Benjamin Juang (ibneko) wrote,
Benjamin Juang
ibneko

Xanga to LiveJournal...

Since I use livejournal more, that's my first priority. Then comes livejournal to xanga, which should be a lot easier.
---
Notes to self:
Parsing Xanga "friends" page [ http://www.xanga.com/Private/subs.aspx ].

  • Main Date tags are found at "blogheader". That's where I'll have to separate things, assuming I check daily for updates. This will separate things by day, assuming I get it right.
  • a href=\"/home.aspx?user= will find each user's entry. No, that's not true. I should find class="blogbody" first, which marks the table that begins the username (Why didn't they include this in the main entry?
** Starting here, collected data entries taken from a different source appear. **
(* Let $G$ be a 5-vertex-critical $(P_5,\text{chair})$-free graph and let $C=v_1v_2v_3v_4v_5v_1$ be an induced $C_5$ in $G$. Then $|S^1_3(i)|\le 2$ for all $1\le i\le 5$.
   Context: All graphs are finite and simple; $P_5$ is the path on 5 vertices; the chair is a $P_4$ plus a vertex adjacent to exactly one of the two middle vertices of the $P_4$; "$H$-free" means no induced subgraph isomorphic to $H$; $G$ is $k$-vertex-critical if $\chi(G)=k$ and $\chi(G-v)<k$ for all $v$. Indices modulo 5. $S^1_3(i)=\{v\in V(G)\setminus V(C): N(v)\cap V(C)=\{v_{i-1},v_i,v_{i+1}\}\}$. *)

theory Defs
  imports Main
begin

definition simple_graph :: "'a set \<Rightarrow> ('a \<Rightarrow> 'a \<Rightarrow> bool) \<Rightarrow> bool" where
  "simple_graph V E \<longleftrightarrow> finite V \<and> (\<forall>x y. E x y \<longrightarrow> E y x) \<and> (\<forall>x. \<not> E x x)
     \<and> (\<forall>x y. E x y \<longrightarrow> x \<in> V \<and> y \<in> V)"

definition induced_subgraph_of :: "'b set \<Rightarrow> ('b \<Rightarrow> 'b \<Rightarrow> bool) \<Rightarrow> 'a set \<Rightarrow> ('a \<Rightarrow> 'a \<Rightarrow> bool) \<Rightarrow> bool" where
  "induced_subgraph_of W F V E \<longleftrightarrow>
     (\<exists>f. inj_on f W \<and> f ` W \<subseteq> V \<and> (\<forall>x\<in>W. \<forall>y\<in>W. E (f x) (f y) \<longleftrightarrow> F x y))"

definition H_free :: "'b set \<Rightarrow> ('b \<Rightarrow> 'b \<Rightarrow> bool) \<Rightarrow> 'a set \<Rightarrow> ('a \<Rightarrow> 'a \<Rightarrow> bool) \<Rightarrow> bool" where
  "H_free W F V E \<longleftrightarrow> \<not> induced_subgraph_of W F V E"

definition P5_V :: "nat set" where "P5_V = {0..<5}"
definition P5_E :: "nat \<Rightarrow> nat \<Rightarrow> bool" where
  "P5_E i j \<longleftrightarrow> i < 5 \<and> j < 5 \<and> (i = j + 1 \<or> j = i + 1)"

definition chair_V :: "nat set" where "chair_V = {0..<5}"
definition chair_E :: "nat \<Rightarrow> nat \<Rightarrow> bool" where
  "chair_E i j \<longleftrightarrow> {i, j} \<in> {{0,1}, {1,2}, {2,3}, {1,4}}"

definition colorable :: "'a set \<Rightarrow> ('a \<Rightarrow> 'a \<Rightarrow> bool) \<Rightarrow> nat \<Rightarrow> bool" where
  "colorable V E k \<longleftrightarrow> (\<exists>c :: 'a \<Rightarrow> nat. (\<forall>x\<in>V. c x < k) \<and>
      (\<forall>x\<in>V. \<forall>y\<in>V. E x y \<longrightarrow> c x \<noteq> c y))"

definition chromatic_number :: "'a set \<Rightarrow> ('a \<Rightarrow> 'a \<Rightarrow> bool) \<Rightarrow> nat" where
  "chromatic_number V E = (LEAST k. colorable V E k)"

definition del_vertex_E :: "('a \<Rightarrow> 'a \<Rightarrow> bool) \<Rightarrow> 'a \<Rightarrow> 'a \<Rightarrow> 'a \<Rightarrow> bool" where
  "del_vertex_E E v x y \<longleftrightarrow> E x y \<and> x \<noteq> v \<and> y \<noteq> v"

definition vertex_critical :: "nat \<Rightarrow> 'a set \<Rightarrow> ('a \<Rightarrow> 'a \<Rightarrow> bool) \<Rightarrow> bool" where
  "vertex_critical k V E \<longleftrightarrow> chromatic_number V E = k \<and>
     (\<forall>v\<in>V. chromatic_number (V - {v}) (del_vertex_E E v) < k)"

definition induced_C5 :: "'a set \<Rightarrow> ('a \<Rightarrow> 'a \<Rightarrow> bool) \<Rightarrow> (nat \<Rightarrow> 'a) \<Rightarrow> bool" where
  "induced_C5 V E c \<longleftrightarrow> (\<forall>i<5. c i \<in> V) \<and> inj_on c {0..<5} \<and>
     (\<forall>i<5. \<forall>j<5. E (c i) (c j) \<longleftrightarrow> (j = (i + 1) mod 5 \<or> i = (j + 1) mod 5))"

text \<open>S^1_3(i): vertices outside C whose neighbourhood on C is exactly
  {c (i-1), c i, c (i+1)} (indices mod 5).\<close>
definition S13 :: "'a set \<Rightarrow> ('a \<Rightarrow> 'a \<Rightarrow> bool) \<Rightarrow> (nat \<Rightarrow> 'a) \<Rightarrow> nat \<Rightarrow> 'a set" where
  "S13 V E c i = {v \<in> V - c ` {0..<5}.
      {u \<in> c ` {0..<5}. E v u} = {c ((i + 4) mod 5), c (i mod 5), c ((i + 1) mod 5)}}"

end

theory Submission
  imports Defs
begin

text \<open>Two vertices of \<open>S\<^sup>1\<^sub>3(i)\<close> have the same neighbours on \<open>C\<close>; if they were
  nonadjacent, together with the path \<open>v\<^sub>i\<^sub>+\<^sub>1 v\<^sub>i\<^sub>+\<^sub>2 v\<^sub>i\<^sub>+\<^sub>3\<close> they would induce a chair.
  So \<open>S\<^sup>1\<^sub>3(i) \<union> {v\<^sub>i, v\<^sub>i\<^sub>+\<^sub>1}\<close> is a clique avoiding \<open>v\<^sub>i\<^sub>+\<^sub>2\<close>. By criticality
  \<open>G - v\<^sub>i\<^sub>+\<^sub>2\<close> is 4-colourable, so this clique has at most 4 vertices.\<close>

definition clique :: "'a set \<Rightarrow> ('a \<Rightarrow> 'a \<Rightarrow> bool) \<Rightarrow> 'a set \<Rightarrow> bool" where
  "clique V E K \<longleftrightarrow> K \<subseteq> V \<and> (\<forall>x\<in>K. \<forall>y\<in>K. x \<noteq> y \<longrightarrow> E x y)"

lemma simple_graph_colorable_card:
  assumes "simple_graph V E"
  shows "colorable V E (card V)"
proof -
  have "finite V" and irrefl: "\<not> E x x" for x
    using assms unfolding simple_graph_def by blast+
  then obtain g :: "'a \<Rightarrow> nat" where g: "bij_betw g V {0..<card V}"
    using ex_bij_betw_finite_nat by blast
  have "g x < card V" if "x \<in> V" for x
    using g that by (auto dest: bij_betw_apply)
  moreover have "g x \<noteq> g y" if "x \<in> V" "y \<in> V" "E x y" for x y
    using g that irrefl by (metis bij_betw_imp_inj_on inj_onD)
  ultimately show ?thesis
    unfolding colorable_def by blast
qed

lemma colorable_chromatic_number:
  assumes "simple_graph V E"
  shows "colorable V E (chromatic_number V E)"
  unfolding chromatic_number_def using simple_graph_colorable_card[OF assms] by (rule LeastI)

lemma clique_card_le_colorable:
  assumes "colorable V E k" "clique V E K"
  shows "card K \<le> k"
proof -
  obtain col :: "'a \<Rightarrow> nat" where col: "\<forall>x\<in>V. col x < k" "\<forall>x\<in>V. \<forall>y\<in>V. E x y \<longrightarrow> col x \<noteq> col y"
    using assms(1) unfolding colorable_def by blast
  have "inj_on col K" "col ` K \<subseteq> {..<k}"
    using col assms(2) unfolding clique_def inj_on_def by blast+
  then have "card K \<le> card {..<k}"
    by (intro card_inj_on_le) auto
  then show ?thesis
    by simp
qed

lemma clique_card_le_chromatic_number:
  assumes "simple_graph V E" "clique V E K"
  shows "card K \<le> chromatic_number V E"
  using clique_card_le_colorable[OF colorable_chromatic_number] assms .

lemma simple_graph_del_vertex:
  assumes "simple_graph V E"
  shows "simple_graph (V - {v}) (del_vertex_E E v)"
  using assms unfolding simple_graph_def del_vertex_E_def by auto

lemma clique_del_vertex:
  assumes "clique V E K" "v \<notin> K"
  shows "clique (V - {v}) (del_vertex_E E v) K"
  using assms unfolding clique_def del_vertex_E_def by blast

lemma vertex_critical_clique_card_less:
  assumes "simple_graph V E" "vertex_critical k V E" "clique V E K" "v \<in> V - K"
  shows "card K < k"
  using assms clique_card_le_chromatic_number[OF simple_graph_del_vertex clique_del_vertex]
  unfolding vertex_critical_def by (meson DiffD1 DiffD2 le_less_trans)

lemma chair_E_iff:
  "chair_E p q \<longleftrightarrow> (p=0\<and>q=1 \<or> p=1\<and>q=0 \<or> p=1\<and>q=2 \<or> p=2\<and>q=1 \<or> p=2\<and>q=3 \<or> p=3\<and>q=2
     \<or> p=1\<and>q=4 \<or> p=4\<and>q=1)"
  unfolding chair_E_def by (auto simp: doubleton_eq_iff)

lemma induced_chair_of_nonadjacent_twins:
  assumes "simple_graph V E" and "x \<in> V" "y \<in> V" "a \<in> V" "b \<in> V" "d \<in> V"
    and "distinct [x, y, a, b, d]"
    and "E a b" "E b d" "\<not> E a d" "\<not> E x y"
    and "E x a" "\<not> E x b" "\<not> E x d" "E y a" "\<not> E y b" "\<not> E y d"
  shows "induced_subgraph_of chair_V chair_E V E"
proof -
  have sym: "E u w \<longleftrightarrow> E w u" for u w
    using assms(1) unfolding simple_graph_def by blast
  have irr: "\<not> E u u" for u
    using assms(1) unfolding simple_graph_def by blast
  define f where "f n = (if n = 0 then x else if n = 1 then a else if n = 2 then b
       else if n = 3 then d else y)" for n :: nat
  have chair_V: "chair_V = {0, 1, 2, 3, 4}"
    unfolding chair_V_def by auto
  have "inj_on f chair_V" "f ` chair_V \<subseteq> V"
    using assms(2-7) unfolding chair_V f_def inj_on_def by auto
  moreover have "\<forall>p\<in>chair_V. \<forall>q\<in>chair_V. E (f p) (f q) = chair_E p q"
    using assms(8-) sym irr unfolding chair_V f_def chair_E_iff by auto
  ultimately show ?thesis
    unfolding induced_subgraph_of_def by blast
qed

lemma less_5_cases: "(i::nat) < 5 \<Longrightarrow> i = 0 \<or> i = 1 \<or> i = 2 \<or> i = 3 \<or> i = 4"
  by auto

lemma induced_C5_eq_iff:
  assumes "induced_C5 V E c" "j < 5" "k < 5"
  shows "c j = c k \<longleftrightarrow> j = k"
  using assms unfolding induced_C5_def by (auto dest: inj_onD)

lemma S13_subset: "S13 V E c i \<subseteq> V - c ` {0..<5}"
  unfolding S13_def by blast

lemma S13_not_cycle_vertex: "j < 5 \<Longrightarrow> c j \<notin> S13 V E c i"
  unfolding S13_def by auto

lemma S13_adj_iff:
  assumes "x \<in> S13 V E c i" "induced_C5 V E c" "i < 5" "j < 5"
  shows "E x (c j) \<longleftrightarrow> j = (i + 4) mod 5 \<or> j = i \<or> j = (i + 1) mod 5"
proof -
  have "E x (c j) \<longleftrightarrow> c j \<in> {u \<in> c ` {0..<5}. E x u}"
    using assms(4) by auto
  also have "\<dots> \<longleftrightarrow> c j \<in> {c ((i + 4) mod 5), c i, c ((i + 1) mod 5)}"
    using assms(1,3) unfolding S13_def by auto
  also have "\<dots> \<longleftrightarrow> j = (i + 4) mod 5 \<or> j = i \<or> j = (i + 1) mod 5"
    using induced_C5_eq_iff[OF assms(2)] assms(3,4) by simp
  finally show ?thesis .
qed

lemma S13_adjacent:
  assumes "simple_graph V E" "H_free chair_V chair_E V E" "induced_C5 V E c" "i < 5"
    and "x \<in> S13 V E c i" "y \<in> S13 V E c i" "x \<noteq> y"
  shows "E x y"
proof (rule ccontr)
  assume "\<not> E x y"
  let ?a = "(i + 1) mod 5" and ?b = "(i + 2) mod 5" and ?d = "(i + 3) mod 5"
  have idx: "?a < 5" "?b < 5" "?d < 5" "distinct [?a, ?b, ?d]"
    "?b \<noteq> (i + 4) mod 5" "?b \<noteq> i" "?d \<noteq> (i + 4) mod 5" "?d \<noteq> i"
    "?b = (?a + 1) mod 5" "?d = (?b + 1) mod 5" "?d \<noteq> (?a + 1) mod 5" "?a \<noteq> (?d + 1) mod 5"
    using less_5_cases[OF \<open>i < 5\<close>] by (elim disjE; simp)+
  have C: "\<forall>p<5. c p \<in> V"
    "\<forall>p<5. \<forall>q<5. E (c p) (c q) \<longleftrightarrow> q = (p + 1) mod 5 \<or> p = (q + 1) mod 5"
    using assms(3) unfolding induced_C5_def by blast+
  have V: "x \<in> V" "y \<in> V" "c ?a \<in> V" "c ?b \<in> V" "c ?d \<in> V"
    using assms(5,6) S13_subset[of V E c i] C(1) idx(1-3) by auto
  have "distinct [c ?a, c ?b, c ?d]"
    using idx(1-4) induced_C5_eq_iff[OF assms(3)] by auto
  moreover have "c ?a \<notin> S13 V E c i" "c ?b \<notin> S13 V E c i" "c ?d \<notin> S13 V E c i"
    by (rule S13_not_cycle_vertex, rule idx)+
  ultimately have "distinct [x, y, c ?a, c ?b, c ?d]"
    using assms(5,6) \<open>x \<noteq> y\<close> by fastforce
  moreover have "E (c ?a) (c ?b)" "E (c ?b) (c ?d)" "\<not> E (c ?a) (c ?d)"
    using C(2) idx by blast+
  moreover have "E x (c ?a)" "\<not> E x (c ?b)" "\<not> E x (c ?d)"
    "E y (c ?a)" "\<not> E y (c ?b)" "\<not> E y (c ?d)"
    using S13_adj_iff[OF assms(5,3,4)] S13_adj_iff[OF assms(6,3,4)] idx by simp_all
  ultimately have "induced_subgraph_of chair_V chair_E V E"
    using induced_chair_of_nonadjacent_twins[OF assms(1) V] \<open>\<not> E x y\<close> by blast
  then show False
    using assms(2) unfolding H_free_def by blast
qed

lemma S13_Un_clique:
  assumes "simple_graph V E" "H_free chair_V chair_E V E" "induced_C5 V E c" "i < 5"
  shows "clique V E (S13 V E c i \<union> {c i, c ((i + 1) mod 5)})"
proof -
  let ?S = "S13 V E c i" and ?a = "(i + 1) mod 5"
  have sym: "E u w \<Longrightarrow> E w u" for u w
    using assms(1) unfolding simple_graph_def by blast
  have C: "c i \<in> V" "c ?a \<in> V" "E (c i) (c ?a)"
    using assms(3,4) unfolding induced_C5_def by auto
  have "E x y" if "x \<in> ?S" "y \<in> ?S" "x \<noteq> y" for x y
    using S13_adjacent[OF assms] that .
  moreover have "E x (c i)" "E x (c ?a)" if "x \<in> ?S" for x
    using S13_adj_iff[OF that assms(3,4)] assms(4) by simp_all
  ultimately show ?thesis
    unfolding clique_def using S13_subset[of V E c i] C sym by auto
qed

theorem mainTheorem13:
  fixes V :: "'a set" and E :: "'a \<Rightarrow> 'a \<Rightarrow> bool" and c :: "nat \<Rightarrow> 'a"
  assumes "simple_graph V E"
    and "vertex_critical 5 V E"
    and "H_free P5_V P5_E V E"
    and "H_free chair_V chair_E V E"
    and "induced_C5 V E c"
  shows "\<forall>i<5. card (S13 V E c i) \<le> 2"
proof (intro allI impI)
  fix i :: nat assume i: "i < 5"
  let ?S = "S13 V E c i" and ?K = "S13 V E c i \<union> {c i, c ((i + 1) mod 5)}"
  have idx: "(i + 1) mod 5 < 5" "(i + 2) mod 5 < 5" "distinct [i, (i + 1) mod 5, (i + 2) mod 5]"
    using less_5_cases[OF i] by (elim disjE; simp)+
  then have "distinct [c i, c ((i + 1) mod 5), c ((i + 2) mod 5)]" "c ((i + 2) mod 5) \<in> V"
    using i induced_C5_eq_iff[OF assms(5)] assms(5) unfolding induced_C5_def by auto
  moreover have "c i \<notin> ?S" "c ((i + 1) mod 5) \<notin> ?S" "c ((i + 2) mod 5) \<notin> ?S"
    by (rule S13_not_cycle_vertex, rule i idx)+
  moreover have "finite ?S"
    using assms(1) finite_subset[OF S13_subset finite_Diff] unfolding simple_graph_def by blast
  ultimately have "card ?K = card ?S + 2" "c ((i + 2) mod 5) \<in> V - ?K"
    by auto
  moreover have "card ?K < 5"
    using vertex_critical_clique_card_less[OF assms(1,2) S13_Un_clique[OF assms(1,4,5) i]]
      calculation(2) .
  ultimately show "card ?S \<le> 2" by simp
qed

end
Weird people...) followed by a href=\"/home.aspx?user=, from which I will extract the username. Then I have to find class="blogbody" (I really ought to be able to count the number of characters between the first and the second class="blogbody" to verify where I am. I assume these ugly tables are script generated, so they shouldn't be of variable length.
  • Everything between <td width="5%">&nbsp;</td><td valign="top"> and </td></tr><tr><td width="5%">&nbsp;</td> should mark out the entry.
  • span class="smalltext" to the first </a> marks out the read/post comment link for the entry.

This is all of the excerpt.